Hypersensitives tend to prefer the complexity of pinot noir. They perceive flavors and layers others do not. Maybe 25 percent of people are hypersensitive, with women more likely to have the trait. There is, however, a downside. Bitter is bad for them. They often are picky eaters. They may spurn broccoli, Brussels sprouts, turnips, and spinach. They do not enjoy high-fat or high-sugar foods. They tend to add too much salt to food, engendering health issues.

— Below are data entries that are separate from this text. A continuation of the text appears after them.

lemma llp_pushout:
  assumes po: "pushout C f g i j P" and llp: "llp C g q" and q: "q \<in> arr C"
  shows "llp C i q"
  unfolding llp_def
proof (intro allI impI)
  fix u v
  have f: "hom C f (dom C f) (cod C f)" and g: "hom C g (dom C f) (cod C g)"
    and i: "hom C i (cod C f) P" and j: "hom C j (cod C g) P" and sq: "comp C i f = comp C j g"
    using po unfolding pushout_def hom_def by auto
  have q': "hom C q (dom C q) (cod C q)"
    using q unfolding hom_def by simp
  assume "hom C u (dom C i) (dom C q)" and "hom C v (cod C i) (cod C q)"
  then have u: "hom C u (cod C f) (dom C q)" and v: "hom C v P (cod C q)"
    using i unfolding hom_def by auto
  assume usq: "comp C q u = comp C v i"
  have "comp C q (comp C u f) = comp C (comp C v j) g"
    using comp_assoc[OF f u q'] comp_assoc[OF f i v] comp_assoc[OF g j v] usq sq by simp
  then obtain e where e: "hom C e (cod C g) (dom C q)" "comp C e g = comp C u f" "comp C q e = comp C v j"
    using llpD[OF llp g q' hom_comp[OF f u] hom_comp[OF j v]] by blast
  obtain d where d: "hom C d P (dom C q)" "comp C d i = u" "comp C d j = e"
    using pushout_induced[OF po u e(1) e(2)[symmetric]] .
  have "comp C q d = v"
  proof (rule pushout_hom_eqI[OF po hom_comp[OF d(1) q'] v])
    show "comp C (comp C q d) i = comp C v i"
      using comp_assoc[OF i d(1) q'] d usq by simp
    show "comp C (comp C q d) j = comp C v j"
      using comp_assoc[OF j d(1) q'] d e by simp
  qed
  then show "\<exists>d. hom C d (cod C i) (dom C q) \<and> comp C d i = u \<and> comp C q d = v"
    using d i unfolding hom_def by auto
qed

end

context
  fixes C :: "('o, 'm) cat" and W Cof Fib
  assumes model: "model_category C W Cof Fib"
begin

lemma model_category_category: "category C"
  using model unfolding model_category_def by (elim conjE)

lemma model_category_arr:
  shows "W \<subseteq> arr C" and "Cof \<subseteq> arr C" and "Fib \<subseteq> arr C"
  using model by (simp_all add: model_category_def)

lemma model_category_initial:
  obtains z where "initial C z"
  using model unfolding model_category_def finitely_cocomplete_def by (elim conjE exE)

lemma model_category_pushout:
  assumes "hom C f a b" and "hom C g a c"
  obtains i j P where "pushout C f g i j P"
proof -
  have "\<forall>f \<in> arr C. \<forall>g \<in> arr C. dom C f = dom C g \<longrightarrow> (\<exists>i j P. pushout C f g i j P)"
    using model unfolding model_category_def finitely_cocomplete_def by (elim conjE)
  moreover have "f \<in> arr C" and "g \<in> arr C" and "dom C f = dom C g"
    using assms unfolding hom_def by auto
  ultimately show ?thesis
    using that by blast
qed

lemma weq_cancel_left:
  assumes "hom C f a b" and "hom C g b c" and "f \<in> W" and "comp C g f \<in> W"
  shows "g \<in> W"
proof -
  have "\<forall>f \<in> arr C. \<forall>g \<in> arr C. cod C f = dom C g \<longrightarrow> f \<in> W \<and> comp C g f \<in> W \<longrightarrow> g \<in> W"
    using model unfolding model_category_def by (elim conjE) blast
  then show ?thesis
    using assms unfolding hom_def by auto
qed

lemma trivial_cofibration_llp_fibration: "i \<in> Cof \<inter> W \<Longrightarrow> q \<in> Fib \<Longrightarrow> llp C i q"
  using model unfolding model_category_def by (elim conjE) blast

lemma trivial_cofibration_fibration_factorization:
  assumes "f \<in> arr C"
  obtains i q where "i \<in> Cof \<inter> W" and "q \<in> Fib" and "cod C i = dom C q" and "comp C q i = f"
proof -
  have "\<forall>f \<in> arr C. \<exists>i q. i \<in> Cof \<inter> W \<and> q \<in> Fib \<and> cod C i = dom C q \<and> comp C q i = f"
    using model unfolding model_category_def by (elim conjE)
  then show ?thesis
    using assms that by blast
qed

lemma weq_retract:
  assumes g: "g \<in> W" and f: "hom C f a b" and "hom C g a' b'"
    and "hom C i1 a a'" and "hom C r1 a' a" and "hom C i2 b b'" and "hom C r2 b' b"
    and "comp C r1 i1 = ident C a" and "comp C r2 i2 = ident C b"
    and "comp C g i1 = comp C i2 f" and "comp C f r1 = comp C r2 g"
  shows "f \<in> W"
proof -
  have "\<forall>f g. retract_of C f g \<longrightarrow> g \<in> W \<longrightarrow> f \<in> W"
    using model unfolding model_category_def by (elim conjE) blast
  moreover have "retract_of C f g"
    unfolding retract_of_def using assms hom_arr by (auto simp: hom_def)
  ultimately show ?thesis
    using g by blast
qed

text \<open>The retract argument: factor \<open>f\<close> as a trivial cofibration followed by a
  fibration and lift \<open>f\<close> against the fibration; \<open>f\<close> is then a retract of the
  trivial cofibration.\<close>
lemma weq_if_llp_fibrations:
  assumes f: "hom C f A B" and llp: "\<forall>q \<in> Fib. llp C f q"
  shows "f \<in> W"
proof -
  note cat = model_category_category
  obtain i q where iW: "i \<in> Cof \<inter> W" and qF: "q \<in> Fib" and iq: "cod C i = dom C q"
    and qi: "comp C q i = f"
    using trivial_cofibration_fibration_factorization[OF hom_arr[OF f]] .
  define Z where "Z = cod C i"
  have i0: "hom C i (dom C i) Z" and q0: "hom C q Z (cod C q)"
    using iW qF model_category_arr iq unfolding Z_def hom_def by auto
  then have "dom C i = A" and "cod C q = B"
    using hom_comp[OF cat i0 q0] f qi unfolding hom_def by auto
  then have i: "hom C i A Z" and q: "hom C q Z B"
    using i0 q0 by simp_all
  have A: "A \<in> obj C" and B: "B \<in> obj C"
    using hom_objs[OF cat f] by auto
  have "comp C q i = comp C (ident C B) f"
    using qi comp_ident_left[OF cat f] by simp
  then obtain d where d: "hom C d B Z" "comp C d f = i" "comp C q d = ident C B"
    using llpD[OF _ f q i hom_ident[OF cat B]] llp qF by blast
  show ?thesis
  proof (rule weq_retract[OF _ f i hom_ident[OF cat A] hom_ident[OF cat A] d(1) q])
    show "comp C i (ident C A) = comp C d f" and "comp C f (ident C A) = comp C q i"
      using comp_ident_right[OF cat i] comp_ident_right[OF cat f] d qi by simp_all
  qed (use iW d comp_ident_left[OF cat hom_ident[OF cat A]] in auto)
qed

lemma weq_pushout_trivial_cofibration:
  assumes po: "pushout C f g i j P" and g: "g \<in> Cof \<inter> W"
  shows "i \<in> W"
proof (rule weq_if_llp_fibrations)
  show "hom C i (cod C f) P"
    using po unfolding pushout_def by blast
  show "\<forall>q \<in> Fib. llp C i q"
    using llp_pushout[OF model_category_category po] trivial_cofibration_llp_fibration[OF g]
      model_category_arr(3) by blast
qed

lemma weakly_contractible_weq_target:
  assumes Y: "weakly_contractible C W Y" and e: "hom C e Y Q" and eW: "e \<in> W"
  shows "weakly_contractible C W Q"
  unfolding weakly_contractible_def
proof (intro conjI allI impI)
  show "Q \<in> obj C"
    using hom_objs(2)[OF model_category_category e] .
  fix t f
  assume t: "terminal C t" and f: "hom C f Q t"
  have "comp C f e \<in> W"
    using Y t hom_comp[OF model_category_category e f] unfolding weakly_contractible_def by blast
  then show "f \<in> W"
    by (rule weq_cancel_left[OF e f eW])
qed

lemma weakly_contractible_retract:
  assumes Q: "weakly_contractible C W Q"
    and a: "hom C a X Q" and b: "hom C b Q X" and ba: "comp C b a = ident C X"
  shows "weakly_contractible C W X"
  unfolding weakly_contractible_def
proof (intro conjI allI impI)
  note cat = model_category_category
  show "X \<in> obj C"
    using hom_objs(1)[OF cat a] .
  fix t f
  assume t: "terminal C t" and f: "hom C f X t"
  have t': "hom C (ident C t) t t"
    using hom_ident[OF cat] t unfolding terminal_def by blast
  have fb: "hom C (comp C f b) Q t"
    using hom_comp[OF cat b f] .
  have "comp C f b \<in> W"
    using Q t fb unfolding weakly_contractible_def by blast
  moreover have "comp C (comp C f b) a = comp C (ident C t) f"
    using comp_assoc[OF cat a b f] ba comp_ident_right[OF cat f] comp_ident_left[OF cat f] by simp
  ultimately show "f \<in> W"
    using weq_retract[OF _ f fb a b t' t' ba] comp_ident_left[OF cat t'] comp_ident_left[OF cat fb]
    by simp
qed

end

text \<open>The Leibniz product of \<open>d\<close> with \<open>0 \<rightarrow> X\<close> is \<open>d X\<close>, since \<open>Cyl(0)\<close> is initial.\<close>
lemma endpoint_inclusion_trivial_cofibration:
  assumes model: "model_category C W Cof Fib"
    and F: "is_functor C Cylo Cyla" and L: "left_adjoint C Cylo Cyla"
    and d: "nat_trans C id id Cylo Cyla d" and leibniz: "leibniz_endpoint_ok C W Cof Cylo Cyla d"
    and X: "cofibrant C Cof X"
  shows "d X \<in> Cof \<inter> W"
proof -
  note cat = model_category_category[OF model]
  obtain z where z: "initial C z"
    using model_category_initial[OF model] .
  have Cz: "initial C (Cylo z)"
    using left_adjoint_preserves_initial[OF cat F L z] .
  have Xo: "X \<in> obj C"
    using X unfolding cofibrant_def by blast
  obtain m where m: "hom C m z X"
    using initial_hom_ex[OF z Xo] by blast
  obtain j where j: "hom C j (Cylo z) X"
    using initial_hom_ex[OF Cz Xo] by blast
  have dz: "hom C (d z) z (Cylo z)" and dX: "hom C (d X) X (Cylo X)"
    using nat_trans_hom[OF d] z Xo unfolding initial_def by auto
  have mC: "m \<in> Cof"
    using X z m unfolding cofibrant_def by blast
  have md: "dom C m = z" "cod C m = X"
    using m unfolding hom_def by auto
  note leibniz_m = leibniz[unfolded leibniz_endpoint_ok_def, rule_format, OF mC, unfolded md]
  show ?thesis
  proof (rule leibniz_m[OF pushout_between_initials[OF cat z Cz m dz j] dX])
    show "comp C (d X) (ident C X) = d X"
      using comp_ident_right[OF cat dX] .
    show "comp C (d X) j = Cyla m"
      using initial_hom_unique[OF cat Cz hom_comp[OF cat j dX] functor_hom[OF F m]] .
  qed
qed

theorem mainTheorem10:
  fixes C :: "('o, 'm) cat"
  assumes cyl: "cylindrical_model_category C W Cof Fib Cylo Cyla d0 d1 p"
    and s: "hom C s X Y" and r: "hom C r Y X"
    and h: "hom C h (Cylo X) X"
    and h0: "comp C h (d0 X) = comp C r s"
    and h1: "comp C h (d1 X) = ident C X"
    and cofX: "cofibrant C Cof X"
    and contrY: "weakly_contractible C W Y"
  shows "weakly_contractible C W X"
proof -
  have model: "model_category C W Cof Fib" and cylinder: "functorial_cylinder C Cylo Cyla d0 d1 p"
    and leibniz: "leibniz_endpoint_ok C W Cof Cylo Cyla d0"
    using cyl unfolding cylindrical_model_category_def by auto
  note cat = model_category_category[OF model]
  have F: "is_functor C Cylo Cyla" and L: "left_adjoint C Cylo Cyla"
    and d0: "nat_trans C id id Cylo Cyla d0" and d1: "nat_trans C id id Cylo Cyla d1"
    using cylinder unfolding functorial_cylinder_def by auto
  have Xo: "X \<in> obj C"
    using cofX unfolding cofibrant_def by blast
  have d0X: "hom C (d0 X) X (Cylo X)" and d1X: "hom C (d1 X) X (Cylo X)"
    using nat_trans_hom[OF d0 Xo] nat_trans_hom[OF d1 Xo] by simp_all
  obtain e k Q where po: "pushout C s (d0 X) e k Q"
    using model_category_pushout[OF model s d0X] .
  have e: "hom C e Y Q" and k: "hom C k (Cylo X) Q"
    using po s d0X unfolding pushout_def hom_def by auto
  have d0_trivial: "d0 X \<in> Cof \<inter> W"
    using endpoint_inclusion_trivial_cofibration[OF model F L d0 leibniz cofX] .
  have Q: "weakly_contractible C W Q"
    using weakly_contractible_weq_target[OF model contrY e
        weq_pushout_trivial_cofibration[OF model po d0_trivial]] .
  have "cod C s = Y" and "cod C (d0 X) = Cylo X"
    using s d0X unfolding hom_def by auto
  then obtain H where H: "hom C H Q X" "comp C H k = h"
    using pushout_induced[OF po _ _ h0[symmetric]] r h by metis
  have "comp C H (comp C k (d1 X)) = ident C X"
    using comp_assoc[OF cat d1X k H(1)] H(2) h1 by simp
  then show ?thesis
    using weakly_contractible_retract[OF model Q hom_comp[OF cat d1X k] H(1)] by blast
qed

Sensitive tasters may miss the hyper nuances enjoyed by pinot supertasters, but they get a lot of it. Plus, they tend to be less picky eaters and more tolerant of bitter flavors.
Tolerant tasters, likely the largest cohort, can be baffled by the pretentious preening of hypersensitive wine snobs with their preponderance of papillae. Tolerant tasters are fine with whatever is in the glass you poured for them. They don’t really have strong likes or dislikes, but they do tend to prefer red wine and comfort food.
Whichever type of taster you are, the wine you enjoy is good wine for you. Ignore the bad taste of the pour poser patronizing you.
• Alois Lageder Terra Alpina Pinot Grigio Vigneti Delle Dolomiti IGT 2019: Delightful easy drinker with plenty of refreshing acidity and fruit. $15-17 Link to my review
• Domaine de Cala Coteaux Varois en Provence 2020: Liltingly delightful—more a frivolous fling than a meaningful experience. We can’t be serious all the time. $18-22 Link to my review
• Banshee Mordecai Proprietary Red 2018: Big, ripe red and black fruit coating your palate with parade of rich flavors. $19-25 Link to my review
Last round: Life hack: “On a regular basis, stop and smell the rosés.